NADA President Karan Chaudhary didn’t mince words either. After years of regulatory stumbles and fiscal chokeholds, he praised the new budget as pro-business, especially for the private sector and auto trade.
Highlights include:
Revised duty structures
Eased EV import policies
Infrastructure spend on charging stations and roads
The finance ministry seems to have finally grasped what the industry’s been shouting: If you want growth, cut the brakes.
With EV adoption climbing, Nepal is uniquely placed. It has plenty of hydropower and a growing interest in clean mobility, but still lacks the backbone—assembly lines, service ecosystems, and enough policy to keep investor interest alive.
Expect the 2025 NADA Auto Show to double down on:
Electric test zones
Talks on local battery production
Showcases of new-gen EVs and mobility tech
This year’s show is shaping up to be more than a product expo.

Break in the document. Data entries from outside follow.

lemma N_orbit_eqI:
  assumes "valid_play mt p q D" and "covered \<epsilon> p (D K)"
    and "\<And>D n. valid_play mt p q D \<Longrightarrow> covered \<epsilon> p (D n) \<Longrightarrow> K \<le> n"
  shows "N_orbit mt \<epsilon> p q = K"
  using N_orbit_le[OF assms(1,2)] N_orbit_attained[OF assms(1,2)] assms(3)
  by (blast intro: le_antisym)

lemma not_covered_round_0:
  "0 < p \<Longrightarrow> valid_play mt p q D \<Longrightarrow> \<not> covered \<epsilon> p (D 0)"
  by (simp add: valid_play_def not_covered_empty)

lemma full_move_eq_range_grid:
  assumes "0 < p" and "X \<subseteq> range (grid p)"
  shows "{frac (x + h) | x h. x \<in> X \<union> E_eval p n \<and> h \<in> H_train p} = range (grid p)"
    (is "?Y = _")
proof
  show "?Y \<subseteq> range (grid p)"
    using assms frac_add_mem_range_grid by (auto simp: H_train_eq_grid E_eval_eq_grid)
  show "range (grid p) \<subseteq> ?Y"
  proof
    fix y
    assume "y \<in> range (grid p)"
    then obtain k where "y = grid p k"
      by blast
    moreover obtain m where "frac (grid p n + grid p m) = grid p k"
      using grid_translate_onto by blast
    ultimately have "y = frac (grid p n + grid p m)"
      by simp
    moreover have "grid p n \<in> X \<union> E_eval p n" and "grid p m \<in> H_train p"
      using assms(1) by (simp_all add: E_eval_eq_grid H_train_eq_grid)
    ultimately show "y \<in> ?Y"
      by blast
  qed
qed

definition full_play :: "nat \<Rightarrow> nat \<Rightarrow> real set" where
  "full_play p n = (if n = 0 then {} else range (grid p))"

lemma valid_play_full_play: "0 < p \<Longrightarrow> valid_play Full p p (full_play p)"
proof -
  assume "0 < p"
  have on_grid: "full_play p n \<subseteq> range (grid p)" for n
    by (simp add: full_play_def)
  have "step_ok Full p p n (full_play p n) (full_play p (Suc n))" for n
    unfolding step_ok.simps full_move_eq_range_grid[OF \<open>0 < p\<close> on_grid]
    by (simp add: full_play_def)
  then show ?thesis
    by (simp add: valid_play_def full_play_def)
qed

With government officials, financiers, and auto bosses in the same room, it’s now a de facto policy stage.
There’s real potential here to:
Cement auto manufacturing into national industrial strategy
Turn vehicle importers into assemblers
Push Nepal toward a cleaner, self-built automotive future
The push came from a heavyweight delegation, including:
Karan Chaudhary, President
Rajan Babu Shrestha, Vice President
Surendra Kumar Upreti, General Secretary
Bikram Singhania, Secretary
Milan Babu Malla, Treasurer
Pankaj Agrawal, Co-Treasurer
Surendra Pradhan, Secretary
Their message was united: Give us policy, we’ll give you progress.
What we’re seeing here is Nepal finally shifting gears. If the Simara plant goes ahead—and if policies hold steady—we might just witness the birth of a local auto industry in a country that, until now, just bought cars from abroad.
2025 could be the year Nepal’s car scene stops importing ambition and starts engineering it at home.